- **Records to process**:
lemma exists_heavy_along_split:
  assumes \<mu>: "fa_prob S \<mu>" and nonatomic: "strongly_nonatomic S \<mu>"
    and C: "\<And>t. C t \<in> S" "decseq C"
    and "0 < \<epsilon>" and heavy: "\<And>t. \<epsilon> < \<mu> (C t)"
  shows "\<exists>F\<in>S. heavy_along \<mu> C F \<and> heavy_along \<mu> C (- F)"
proof (rule ccontr)
  assume "\<not> ?thesis"
  then have no_split: "\<And>F. F \<in> S \<Longrightarrow> heavy_along \<mu> C F \<Longrightarrow> \<not> heavy_along \<mu> C (- F)"
    by blast
  obtain k where "(1/2) ^ k < \<epsilon>"
    using real_arch_pow_inv[OF \<open>0 < \<epsilon>\<close>, of "1/2"] by auto
  then obtain F where F: "F \<in> S" "\<mu> F < \<epsilon>" "\<not> heavy_along \<mu> C (- F)"
    using exists_half_power_with_light_Compl[OF \<mu> nonatomic C no_split, of k] by auto
  moreover have "0 < \<epsilon> - \<mu> F" using F(2) by simp
  ultimately obtain t where t: "\<mu> (- F \<inter> C t) < \<epsilon> - \<mu> F"
    unfolding not_heavy_along_iff by blast
  have "\<mu> (C t) = \<mu> (C t \<inter> F) + \<mu> (- F \<inter> C t)"
    using fa_prob_split[OF \<mu> C(1) F(1), of t] by (simp add: Diff_eq Int_commute)
  also have "\<dots> < \<epsilon>"
    using fa_prob_mono[OF \<mu> Int[OF C(1) F(1)] F(1), of t] t by auto
  finally show False using heavy[of t] by simp
qed

end

locale path_events = path_algebra +
  assumes open_in_events: "open_paths U \<Longrightarrow> U \<in> S"
begin

lemma cyl_in_events: "cyl \<omega> t \<in> S"
  using open_in_events open_paths_cyl by blast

- **Requirement**: Keep only the lines from the one containing "using fa_prob_split[OF \<mu>" to the end of the entries, and repeat them exactly.

- **Solution below**:
    using fa_prob_split[OF \<mu> C(1) F(1), of t] by (simp add: Diff_eq Int_commute)
  also have "\<dots> < \<epsilon>"
    using fa_prob_mono[OF \<mu> Int[OF C(1) F(1)] F(1), of t] t by auto
  finally show False using heavy[of t] by simp
qed

end

locale path_events = path_algebra +
  assumes open_in_events: "open_paths U \<Longrightarrow> U \<in> S"
begin

lemma cyl_in_events: "cyl \<omega> t \<in> S"
  using open_in_events open_paths_cyl by blast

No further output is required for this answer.